⟨

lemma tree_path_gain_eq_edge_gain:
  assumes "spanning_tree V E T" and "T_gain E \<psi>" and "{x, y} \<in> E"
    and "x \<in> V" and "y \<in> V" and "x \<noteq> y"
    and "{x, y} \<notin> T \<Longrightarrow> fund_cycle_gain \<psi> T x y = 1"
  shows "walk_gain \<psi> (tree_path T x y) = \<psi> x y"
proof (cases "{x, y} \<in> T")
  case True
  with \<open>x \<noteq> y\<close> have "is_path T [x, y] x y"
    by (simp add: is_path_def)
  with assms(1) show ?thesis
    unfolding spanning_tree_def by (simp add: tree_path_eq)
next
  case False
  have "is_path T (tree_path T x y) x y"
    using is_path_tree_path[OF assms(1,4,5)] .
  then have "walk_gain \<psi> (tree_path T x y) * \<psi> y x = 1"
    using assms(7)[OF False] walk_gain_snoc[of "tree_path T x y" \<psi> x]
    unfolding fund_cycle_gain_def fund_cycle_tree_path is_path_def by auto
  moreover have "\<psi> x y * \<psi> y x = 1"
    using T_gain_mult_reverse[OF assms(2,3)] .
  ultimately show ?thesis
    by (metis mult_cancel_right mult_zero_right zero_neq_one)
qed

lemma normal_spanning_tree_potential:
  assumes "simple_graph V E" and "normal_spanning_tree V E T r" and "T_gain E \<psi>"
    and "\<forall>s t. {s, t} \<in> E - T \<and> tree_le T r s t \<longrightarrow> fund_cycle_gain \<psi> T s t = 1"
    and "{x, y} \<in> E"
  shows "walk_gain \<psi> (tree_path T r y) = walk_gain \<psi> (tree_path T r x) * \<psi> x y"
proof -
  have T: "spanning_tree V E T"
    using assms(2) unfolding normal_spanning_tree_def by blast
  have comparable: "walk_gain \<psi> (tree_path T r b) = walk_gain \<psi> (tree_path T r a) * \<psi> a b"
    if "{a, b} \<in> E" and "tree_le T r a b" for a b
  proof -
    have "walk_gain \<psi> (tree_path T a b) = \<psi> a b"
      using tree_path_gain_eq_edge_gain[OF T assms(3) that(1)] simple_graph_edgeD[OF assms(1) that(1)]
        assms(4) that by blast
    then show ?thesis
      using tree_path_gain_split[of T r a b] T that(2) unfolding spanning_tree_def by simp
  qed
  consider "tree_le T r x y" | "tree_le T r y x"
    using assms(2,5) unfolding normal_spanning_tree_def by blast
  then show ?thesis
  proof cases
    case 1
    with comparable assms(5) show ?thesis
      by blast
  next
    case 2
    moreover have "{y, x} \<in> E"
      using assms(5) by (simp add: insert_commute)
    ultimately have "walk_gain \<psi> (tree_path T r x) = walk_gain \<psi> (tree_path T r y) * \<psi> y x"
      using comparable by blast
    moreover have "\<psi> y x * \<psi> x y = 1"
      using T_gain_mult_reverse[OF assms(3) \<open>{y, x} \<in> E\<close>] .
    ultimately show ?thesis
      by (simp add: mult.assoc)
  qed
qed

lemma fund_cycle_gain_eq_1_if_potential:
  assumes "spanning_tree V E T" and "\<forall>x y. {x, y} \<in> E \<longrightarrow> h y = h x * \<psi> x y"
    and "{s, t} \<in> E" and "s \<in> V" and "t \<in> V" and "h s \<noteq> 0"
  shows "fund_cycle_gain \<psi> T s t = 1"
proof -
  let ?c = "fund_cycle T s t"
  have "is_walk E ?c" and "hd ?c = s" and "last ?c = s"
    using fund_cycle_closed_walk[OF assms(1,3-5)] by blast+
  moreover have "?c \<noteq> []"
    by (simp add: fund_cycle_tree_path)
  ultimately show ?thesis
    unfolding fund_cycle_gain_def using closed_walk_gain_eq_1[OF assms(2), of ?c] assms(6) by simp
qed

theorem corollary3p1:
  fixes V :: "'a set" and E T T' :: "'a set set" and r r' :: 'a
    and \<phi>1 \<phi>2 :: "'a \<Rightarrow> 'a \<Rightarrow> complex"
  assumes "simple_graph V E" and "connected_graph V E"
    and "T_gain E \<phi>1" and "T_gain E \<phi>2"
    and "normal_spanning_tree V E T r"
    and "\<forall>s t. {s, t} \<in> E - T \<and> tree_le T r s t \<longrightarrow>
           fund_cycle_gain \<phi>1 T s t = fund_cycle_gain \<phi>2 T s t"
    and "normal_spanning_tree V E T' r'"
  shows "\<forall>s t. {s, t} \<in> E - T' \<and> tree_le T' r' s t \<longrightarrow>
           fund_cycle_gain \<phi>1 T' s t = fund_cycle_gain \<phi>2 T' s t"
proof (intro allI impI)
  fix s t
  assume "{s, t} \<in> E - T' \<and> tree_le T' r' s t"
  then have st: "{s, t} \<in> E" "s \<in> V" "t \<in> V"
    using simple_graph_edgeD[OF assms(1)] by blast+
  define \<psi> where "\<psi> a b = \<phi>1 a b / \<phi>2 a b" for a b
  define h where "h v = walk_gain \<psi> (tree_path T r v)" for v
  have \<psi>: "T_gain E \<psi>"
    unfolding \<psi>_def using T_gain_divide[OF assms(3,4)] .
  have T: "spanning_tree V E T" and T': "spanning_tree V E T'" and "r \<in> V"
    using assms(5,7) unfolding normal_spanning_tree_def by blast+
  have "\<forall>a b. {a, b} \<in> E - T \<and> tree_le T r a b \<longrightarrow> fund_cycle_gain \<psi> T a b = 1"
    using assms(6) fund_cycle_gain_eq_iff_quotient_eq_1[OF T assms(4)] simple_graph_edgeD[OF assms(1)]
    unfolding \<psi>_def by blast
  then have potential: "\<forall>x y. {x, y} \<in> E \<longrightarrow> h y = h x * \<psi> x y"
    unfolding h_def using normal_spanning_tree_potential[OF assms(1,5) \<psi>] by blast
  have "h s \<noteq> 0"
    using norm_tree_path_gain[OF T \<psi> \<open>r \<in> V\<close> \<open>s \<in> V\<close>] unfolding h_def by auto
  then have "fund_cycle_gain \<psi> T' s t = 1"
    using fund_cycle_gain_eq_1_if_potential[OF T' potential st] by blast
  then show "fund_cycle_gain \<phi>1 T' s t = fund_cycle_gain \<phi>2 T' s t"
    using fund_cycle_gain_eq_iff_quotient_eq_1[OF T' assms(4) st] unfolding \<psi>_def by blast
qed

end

⟩

> [PROMPT]:
Keeping each word as it stands, transcribe every entry.

> [OUTPUT FOR THIS EXERCISE]:
lemma tree_path_gain_eq_edge_gain:
  assumes "spanning_tree V E T" and "T_gain E \<psi>" and "{x, y} \<in> E"
    and "x \<in> V" and "y \<in> V" and "x \<noteq> y"
    and "{x, y} \<notin> T \<Longrightarrow> fund_cycle_gain \<psi> T x y = 1"
  shows "walk_gain \<psi> (tree_path T x y) = \<psi> x y"
proof (cases "{x, y} \<in> T")
  case True
  with \<open>x \<noteq> y\<close> have "is_path T [x, y] x y"
    by (simp add: is_path_def)
  with assms(1) show ?thesis
    unfolding spanning_tree_def by (simp add: tree_path_eq)
next
  case False
  have "is_path T (tree_path T x y) x y"
    using is_path_tree_path[OF assms(1,4,5)] .
  then have "walk_gain \<psi> (tree_path T x y) * \<psi> y x = 1"
    using assms(7)[OF False] walk_gain_snoc[of "tree_path T x y" \<psi> x]
    unfolding fund_cycle_gain_def fund_cycle_tree_path is_path_def by auto
  moreover have "\<psi> x y * \<psi> y x = 1"
    using T_gain_mult_reverse[OF assms(2,3)] .
  ultimately show ?thesis
    by (metis mult_cancel_right mult_zero_right zero_neq_one)
qed

lemma normal_spanning_tree_potential:
  assumes "simple_graph V E" and "normal_spanning_tree V E T r" and "T_gain E \<psi>"
    and "\<forall>s t. {s, t} \<in> E - T \<and> tree_le T r s t \<longrightarrow> fund_cycle_gain \<psi> T s t = 1"
    and "{x, y} \<in> E"
  shows "walk_gain \<psi> (tree_path T r y) = walk_gain \<psi> (tree_path T r x) * \<psi> x y"
proof -
  have T: "spanning_tree V E T"
    using assms(2) unfolding normal_spanning_tree_def by blast
  have comparable: "walk_gain \<psi> (tree_path T r b) = walk_gain \<psi> (tree_path T r a) * \<psi> a b"
    if "{a, b} \<in> E" and "tree_le T r a b" for a b
  proof -
    have "walk_gain \<psi> (tree_path T a b) = \<psi> a b"
      using tree_path_gain_eq_edge_gain[OF T assms(3) that(1)] simple_graph_edgeD[OF assms(1) that(1)]
        assms(4) that by blast
    then show ?thesis
      using tree_path_gain_split[of T r a b] T that(2) unfolding spanning_tree_def by simp
  qed
  consider "tree_le T r x y" | "tree_le T r y x"
    using assms(2,5) unfolding normal_spanning_tree_def by blast
  then show ?thesis
  proof cases
    case 1
    with comparable assms(5) show ?thesis
      by blast
  next
    case 2
    moreover have "{y, x} \<in> E"
      using assms(5) by (simp add: insert_commute)
    ultimately have "walk_gain \<psi> (tree_path T r x) = walk_gain \<psi> (tree_path T r y) * \<psi> y x"
      using comparable by blast
    moreover have "\<psi> y x * \<psi> x y = 1"
      using T_gain_mult_reverse[OF assms(3) \<open>{y, x} \<in> E\<close>] .
    ultimately show ?thesis
      by (simp add: mult.assoc)
  qed
qed

lemma fund_cycle_gain_eq_1_if_potential:
  assumes "spanning_tree V E T" and "\<forall>x y. {x, y} \<in> E \<longrightarrow> h y = h x * \<psi> x y"
    and "{s, t} \<in> E" and "s \<in> V" and "t \<in> V" and "h s \<noteq> 0"
  shows "fund_cycle_gain \<psi> T s t = 1"
proof -
  let ?c = "fund_cycle T s t"
  have "is_walk E ?c" and "hd ?c = s" and "last ?c = s"
    using fund_cycle_closed_walk[OF assms(1,3-5)] by blast+
  moreover have "?c \<noteq> []"
    by (simp add: fund_cycle_tree_path)
  ultimately show ?thesis
    unfolding fund_cycle_gain_def using closed_walk_gain_eq_1[OF assms(2), of ?c] assms(6) by simp
qed

theorem corollary3p1:
  fixes V :: "'a set" and E T T' :: "'a set set" and r r' :: 'a
    and \<phi>1 \<phi>2 :: "'a \<Rightarrow> 'a \<Rightarrow> complex"
  assumes "simple_graph V E" and "connected_graph V E"
    and "T_gain E \<phi>1" and "T_gain E \<phi>2"
    and "normal_spanning_tree V E T r"
    and "\<forall>s t. {s, t} \<in> E - T \<and> tree_le T r s t \<longrightarrow>
           fund_cycle_gain \<phi>1 T s t = fund_cycle_gain \<phi>2 T s t"
    and "normal_spanning_tree V E T' r'"
  shows "\<forall>s t. {s, t} \<in> E - T' \<and> tree_le T' r' s t \<longrightarrow>
           fund_cycle_gain \<phi>1 T' s t = fund_cycle_gain \<phi>2 T' s t"
proof (intro allI impI)
  fix s t
  assume "{s, t} \<in> E - T' \<and> tree_le T' r' s t"
  then have st: "{s, t} \<in> E" "s \<in> V" "t \<in> V"
    using simple_graph_edgeD[OF assms(1)] by blast+
  define \<psi> where "\<psi> a b = \<phi>1 a b / \<phi>2 a b" for a b
  define h where "h v = walk_gain \<psi> (tree_path T r v)" for v
  have \<psi>: "T_gain E \<psi>"
    unfolding \<psi>_def using T_gain_divide[OF assms(3,4)] .
  have T: "spanning_tree V E T" and T': "spanning_tree V E T'" and "r \<in> V"
    using assms(5,7) unfolding normal_spanning_tree_def by blast+
  have "\<forall>a b. {a, b} \<in> E - T \<and> tree_le T r a b \<longrightarrow> fund_cycle_gain \<psi> T a b = 1"
    using assms(6) fund_cycle_gain_eq_iff_quotient_eq_1[OF T assms(4)] simple_graph_edgeD[OF assms(1)]
    unfolding \<psi>_def by blast
  then have potential: "\<forall>x y. {x, y} \<in> E \<longrightarrow> h y = h x * \<psi> x y"
    unfolding h_def using normal_spanning_tree_potential[OF assms(1,5) \<psi>] by blast
  have "h s \<noteq> 0"
    using norm_tree_path_gain[OF T \<psi> \<open>r \<in> V\<close> \<open>s \<in> V\<close>] unfolding h_def by auto
  then have "fund_cycle_gain \<psi> T' s t = 1"
    using fund_cycle_gain_eq_1_if_potential[OF T' potential st] by blast
  then show "fund_cycle_gain \<phi>1 T' s t = fund_cycle_gain \<phi>2 T' s t"
    using fund_cycle_gain_eq_iff_quotient_eq_1[OF T' assms(4) st] unfolding \<psi>_def by blast
qed

end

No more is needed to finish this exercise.